-- RECORDS FOR THIS EXERCISE follows --
(* Let $p/q$ (in lowest terms, $q>0$) be a convergent of the simple continued fraction expansion of $e$. If $q=(n!)^k$ for some integer $n\ge 0$ and some integer $k>0$, then $n/k<e$.
   Context: The convergents of $e$ are the rationals obtained by truncating the simple continued fraction expansion of $e$; they begin $2/1,3/1,8/3,11/4,19/7,87/32,\dots$. *)

theory Defs
  imports Complex_Main
begin

fun cf_rem :: "real \<Rightarrow> nat \<Rightarrow> real" where
  "cf_rem x 0 = x"
| "cf_rem x (Suc i) = 1 / frac (cf_rem x i)"

definition cf_coeff :: "real \<Rightarrow> nat \<Rightarrow> int" where
  "cf_coeff x i = \<lfloor>cf_rem x i\<rfloor>"

fun cf_eval :: "int list \<Rightarrow> rat" where
  "cf_eval [] = 0"
| "cf_eval [a] = of_int a"
| "cf_eval (a # b # rest) = of_int a + 1 / cf_eval (b # rest)"

definition cf_convergent :: "real \<Rightarrow> nat \<Rightarrow> rat" where
  "cf_convergent x m = cf_eval (map (cf_coeff x) [0..<Suc m])"

end

theory Submission
  imports Defs
begin

text \<open>
  A convergent p/q of e satisfies |e - p/q| \<le> 1/q^2. Put N = nk; then q = (n!)^k divides N!,
  so N! (p/q - s_N) is an integer, where the partial sum s_N = \<Sum>_{j\<le>N} 1/j! satisfies
  1/(N+1)! < e - s_N \<le> 1/(N! N). Whether this integer vanishes or not, it follows that
  q^2 < (N+1)!. But if n \<ge> ek, Stirling-type bounds for ln n! give (nk+1)! \<le> (n!)^(2k) = q^2.
\<close>

section \<open>Continued fraction convergents\<close>

lemma cf_rem_Suc_shift: "cf_rem x (Suc i) = cf_rem (1 / frac x) i"
  by (induction i) auto

lemma cf_coeff_Suc_shift: "cf_coeff x (Suc i) = cf_coeff (1 / frac x) i"
  unfolding cf_coeff_def cf_rem_Suc_shift ..

fun cf_with_tail :: "int list \<Rightarrow> real \<Rightarrow> real" where
  "cf_with_tail [] t = t"
| "cf_with_tail (a # as) t = of_int a + 1 / cf_with_tail as t"

(* The product of the matrices [[a,1],[1,0]] over the list; it acts on the tail t
   as the Moebius map t \<mapsto> (A t + B) / (C t + D). *)
fun cf_matrix :: "int list \<Rightarrow> int \<times> int \<times> int \<times> int" where
  "cf_matrix [] = (1, 0, 0, 1)"
| "cf_matrix (a # as) = (case cf_matrix as of (A, B, C, D) \<Rightarrow> (a*A + C, a*B + D, A, B))"

lemma of_rat_cf_eval_snoc: "real_of_rat (cf_eval (as @ [a])) = cf_with_tail as (of_int a)"
proof (induction as)
  case Nil
  then show ?case by simp
next
  case (Cons b bs)
  have "cf_eval ((b # bs) @ [a]) = of_int b + 1 / cf_eval (bs @ [a])"
    by (cases "bs @ [a]") auto
  with Cons show ?case by (simp add: of_rat_add of_rat_divide)
qed

lemma cf_with_tail_cf_rem: "cf_with_tail (map (cf_coeff x) [0..<m]) (cf_rem x m) = x"
proof (induction m arbitrary: x)
  case 0
  then show ?case by simp
next
  case (Suc m)
  define x' where "x' = 1 / frac x"
  have "[0..<Suc m] = 0 # map Suc [0..<m]"
    by (simp add: upt_conv_Cons map_Suc_upt)
  then have "map (cf_coeff x) [0..<Suc m] = cf_coeff x 0 # map (cf_coeff x') [0..<m]"
    by (simp add: cf_coeff_Suc_shift x'_def)
  moreover have "cf_rem x (Suc m) = cf_rem x' m"
    unfolding cf_rem_Suc_shift x'_def ..
  ultimately have "cf_with_tail (map (cf_coeff x) [0..<Suc m]) (cf_rem x (Suc m))
      = of_int (cf_coeff x 0) + 1 / x'"
    using Suc.IH[of x'] by simp
  also have "\<dots> = x"
    by (simp add: x'_def cf_coeff_def frac_def)
  finally show ?case .
qed

lemma cf_matrix_invariants:
  assumes "\<forall>a\<in>set as. a \<ge> 1" "cf_matrix as = (A, B, C, D)"
  shows "A \<ge> 1 \<and> B \<ge> 0 \<and> C \<ge> 0 \<and> D \<ge> 0 \<and> C + D \<ge> 1 \<and> \<bar>A*D - B*C\<bar> = 1"
  using assms
proof (induction as arbitrary: A B C D)
  case Nil
  then show ?case by auto
next
  case (Cons a as)
  obtain A' B' C' D' where m: "cf_matrix as = (A', B', C', D')"
    by (metis prod_cases4)
  with Cons have IH: "A' \<ge> 1 \<and> B' \<ge> 0 \<and> C' \<ge> 0 \<and> D' \<ge> 0 \<and> C' + D' \<ge> 1 \<and> \<bar>A'*D' - B'*C'\<bar> = 1"
    by auto
  have a: "a \<ge> 1"
    using Cons.prems by auto
  have eq: "A = a*A' + C'" "B = a*B' + D'" "C = A'" "D = B'"
    using Cons.prems m by auto
  have "A*D - B*C = - (A'*D' - B'*C')"
    by (simp add: eq algebra_simps)
  moreover have "a*A' \<ge> 1"
    using a IH by (metis mult_mono' mult_1 zero_le_one)
  moreover have "a*B' \<ge> 0"
    using a IH by simp
  ultimately show ?case
    using IH by (auto simp: eq)
qed

lemma cf_with_tail_eq_mobius:
  assumes "\<forall>a\<in>set as. a \<ge> 1" "cf_matrix as = (A, B, C, D)" "t \<ge> 1"
  shows "cf_with_tail as t = (A*t + B) / (C*t + D)"
  using assms
proof (induction as arbitrary: A B C D)
  case Nil
  then show ?case by auto
next
  case (Cons a as)
  obtain A' B' C' D' where m: "cf_matrix as = (A', B', C', D')"
    by (metis prod_cases4)
  with Cons have IH: "cf_with_tail as t = (A'*t + B') / (C'*t + D')"
    by auto
  have "A' \<ge> 1" "B' \<ge> 0"
    using cf_matrix_invariants[of as A' B' C' D'] Cons.prems m by auto
  moreover from this \<open>t \<ge> 1\<close> have "A'*t \<ge> 1"
    by (metis mult_mono' mult_1 of_int_1_le_iff zero_le_one)
  ultimately have "A'*t + B' > 0"
    by linarith
  moreover have "A = a*A' + C'" "B = a*B' + D'" "C = A'" "D = B'"
    using Cons.prems m by auto
  ultimately show ?case
    by (simp add: IH field_simps)
qed

lemma cf_rem_not_rational: "x \<notin> \<rat> \<Longrightarrow> cf_rem x i \<notin> \<rat>"
proof (induction i)
  case (Suc i)
  have "frac (cf_rem x i) \<notin> \<rat>"
    using Suc by (metis Rats_add Rats_of_int frac_def diff_add_cancel)
  then show ?case
    by (metis Rats_inverse cf_rem.simps(2) inverse_eq_divide inverse_inverse_eq)
qed simp

lemma cf_rem_ge_1:
  assumes "x \<ge> 1" "x \<notin> \<rat>"
  shows "cf_rem x i \<ge> 1"
proof (cases i)
  case (Suc j)
  have "cf_rem x j \<notin> \<int>"
    using cf_rem_not_rational[OF assms(2)] Ints_subset_Rats by blast
  then have "0 < frac (cf_rem x j)" "frac (cf_rem x j) < 1"
    using frac_eq_0_iff[of "cf_rem x j"] frac_ge_0[of "cf_rem x j"] frac_lt_1[of "cf_rem x j"]
    by auto
  then show ?thesis
    using Suc by simp
qed (use assms in simp)

lemma cf_coeff_ge_1: "x \<ge> 1 \<Longrightarrow> x \<notin> \<rat> \<Longrightarrow> cf_coeff x i \<ge> 1"
  using cf_rem_ge_1[of x i] by (simp add: cf_coeff_def)

lemma mobius_diff_le:
  fixes A B C D :: int and a r :: real
  assumes det: "\<bar>A*D - B*C\<bar> = 1" and "C \<ge> 0" "C*a + D > 0" "a \<le> r" "r \<le> a + 1"
  shows "\<bar>(A*r + B) / (C*r + D) - (A*a + B) / (C*a + D)\<bar> \<le> 1 / (C*a + D)^2"
proof -
  have den: "C*a + D \<le> C*r + D"
    using assms by (simp add: mult_left_mono)
  with assms have "0 < C*r + D"
    by linarith
  then have "(A*r + B) / (C*r + D) - (A*a + B) / (C*a + D)
      = (A*D - B*C) * (r - a) / ((C*r + D) * (C*a + D))"
    using assms by (simp add: field_simps)
  also have "\<bar>\<dots>\<bar> = (r - a) / ((C*r + D) * (C*a + D))"
  proof -
    have "\<bar>real_of_int (A*D - B*C)\<bar> = 1"
      using det by (simp only: of_int_abs of_int_1)
    with assms \<open>0 < C*r + D\<close> show ?thesis
      by (simp add: abs_mult abs_divide)
  qed
  also have "\<dots> \<le> 1 / (C*a + D)^2"
  proof -
    have "(r - a) * (C*a + D) \<le> 1 * (C*r + D)"
      using assms den by (intro mult_mono) auto
    with assms \<open>0 < C*r + D\<close> show ?thesis
      by (simp add: divide_simps power2_eq_square)
  qed
  finally show ?thesis .
qed

lemma quotient_of_denom_le:
  assumes "quotient_of x = (p, q)" "x = of_int u / of_int d" "d > 0"
  shows "q \<le> d"
proof -
  have "x = of_int p / of_int q" "q > 0"
    using quotient_of_div quotient_of_denom_pos assms(1) by auto
  with assms have "rat_of_int (p * d) = rat_of_int (u * q)"
    by (simp add: frac_eq_eq)
  then have "p * d = u * q"
    by (simp only: of_int_eq_iff)
  then have "q dvd p * d"
    by simp
  with quotient_of_coprime[OF assms(1)] have "q dvd d"
    by (simp add: coprime_commute coprime_dvd_mult_right_iff)
  with \<open>d > 0\<close> show ?thesis
    by (simp add: zdvd_imp_le)
qed

lemma cf_convergent_and_value_mobius:
  assumes "x \<ge> 1" "x \<notin> \<rat>" and M: "cf_matrix (map (cf_coeff x) [0..<m]) = (A, B, C, D)"
  shows "cf_convergent x m = of_int (A * cf_coeff x m + B) / of_int (C * cf_coeff x m + D)"
    and "x = (A * cf_rem x m + B) / (C * cf_rem x m + D)"
proof -
  have as: "\<forall>z\<in>set (map (cf_coeff x) [0..<m]). z \<ge> 1"
    using cf_coeff_ge_1 assms by auto
  have "real_of_rat (cf_convergent x m)
      = real_of_rat (of_int (A * cf_coeff x m + B) / of_int (C * cf_coeff x m + D))"
    using cf_with_tail_eq_mobius[OF as M] cf_coeff_ge_1[OF assms(1,2), of m]
    by (simp add: cf_convergent_def of_rat_cf_eval_snoc of_rat_divide of_rat_add of_rat_mult)
  then show "cf_convergent x m = of_int (A * cf_coeff x m + B) / of_int (C * cf_coeff x m + D)"
    by (simp only: of_rat_eq_iff)
  show "x = (A * cf_rem x m + B) / (C * cf_rem x m + D)"
    using cf_with_tail_cf_rem[of x m] cf_with_tail_eq_mobius[OF as M cf_rem_ge_1[OF assms(1,2)]]
    by simp
qed

lemma cf_convergent_approx:
  assumes "x \<ge> 1" "x \<notin> \<rat>" "quotient_of (cf_convergent x m) = (p, q)"
  shows "\<bar>x - of_int p / of_int q\<bar> \<le> 1 / (of_int q)^2"
proof -
  define a r where "a = cf_coeff x m" and "r = cf_rem x m"
  obtain A B C D where M: "cf_matrix (map (cf_coeff x) [0..<m]) = (A, B, C, D)"
    by (metis prod_cases4)
  note conv = cf_convergent_and_value_mobius[OF assms(1,2) M, folded a_def r_def]
  have inv: "\<bar>A*D - B*C\<bar> = 1" "C \<ge> 0" "C + D \<ge> 1"
    using cf_matrix_invariants[OF _ M] cf_coeff_ge_1 assms by auto
  have "a \<ge> 1" "a \<le> r" "r \<le> a + 1"
    using cf_coeff_ge_1 assms by (auto simp: a_def r_def cf_coeff_def)
  define d where "d = C*a + D"
  have "C \<le> C*a"
    using inv \<open>a \<ge> 1\<close> by (simp add: mult_le_cancel_left1)
  with inv have d: "d \<ge> 1"
    by (simp add: d_def)
  then have "q \<le> d"
    using quotient_of_denom_le[OF assms(3) conv(1)] by (simp add: d_def)
  have "\<bar>x - real_of_rat (cf_convergent x m)\<bar> \<le> 1 / d^2"
  proof -
    have "0 < real_of_int C * a + D"
      using d by (simp add: d_def flip: of_int_mult of_int_add)
    then show ?thesis
      using mobius_diff_le[of A D B C a r] inv \<open>a \<le> r\<close> \<open>r \<le> a + 1\<close>
      by (simp add: conv(1) d_def of_rat_divide of_rat_add of_rat_mult flip: conv(2))
  qed
  also have "\<dots> \<le> 1 / (of_int q)^2"
    using \<open>q \<le> d\<close> quotient_of_denom_pos[OF assms(3)]
    by (simp add: divide_left_mono power_mono)
  finally show ?thesis
    using quotient_of_div[OF assms(3)] by (simp add: of_rat_divide)
qed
-- RECORDS FOR THIS EXERCISE concluded --
WHAT THE TASK ASKS
Among the lines above, repeat exactly those from the line with "as the Moebius" to the line with "by (simp add: upt_conv_Cons map_Suc_upt)", counting both ends.

COMPLETED EXERCISE
   as the Moebius map t \<mapsto> (A t + B) / (C t + D). *)
fun cf_matrix :: "int list \<Rightarrow> int \<times> int \<times> int \<times> int" where
  "cf_matrix [] = (1, 0, 0, 1)"
| "cf_matrix (a # as) = (case cf_matrix as of (A, B, C, D) \<Rightarrow> (a*A + C, a*B + D, A, B))"

lemma of_rat_cf_eval_snoc: "real_of_rat (cf_eval (as @ [a])) = cf_with_tail as (of_int a)"
proof (induction as)
  case Nil
  then show ?case by simp
next
  case (Cons b bs)
  have "cf_eval ((b # bs) @ [a]) = of_int b + 1 / cf_eval (bs @ [a])"
    by (cases "bs @ [a]") auto
  with Cons show ?case by (simp add: of_rat_add of_rat_divide)
qed

lemma cf_with_tail_cf_rem: "cf_with_tail (map (cf_coeff x) [0..<m]) (cf_rem x m) = x"
proof (induction m arbitrary: x)
  case 0
  then show ?case by simp
next
  case (Suc m)
  define x' where "x' = 1 / frac x"
  have "[0..<Suc m] = 0 # map Suc [0..<m]"
    by (simp add: upt_conv_Cons map_Suc_upt)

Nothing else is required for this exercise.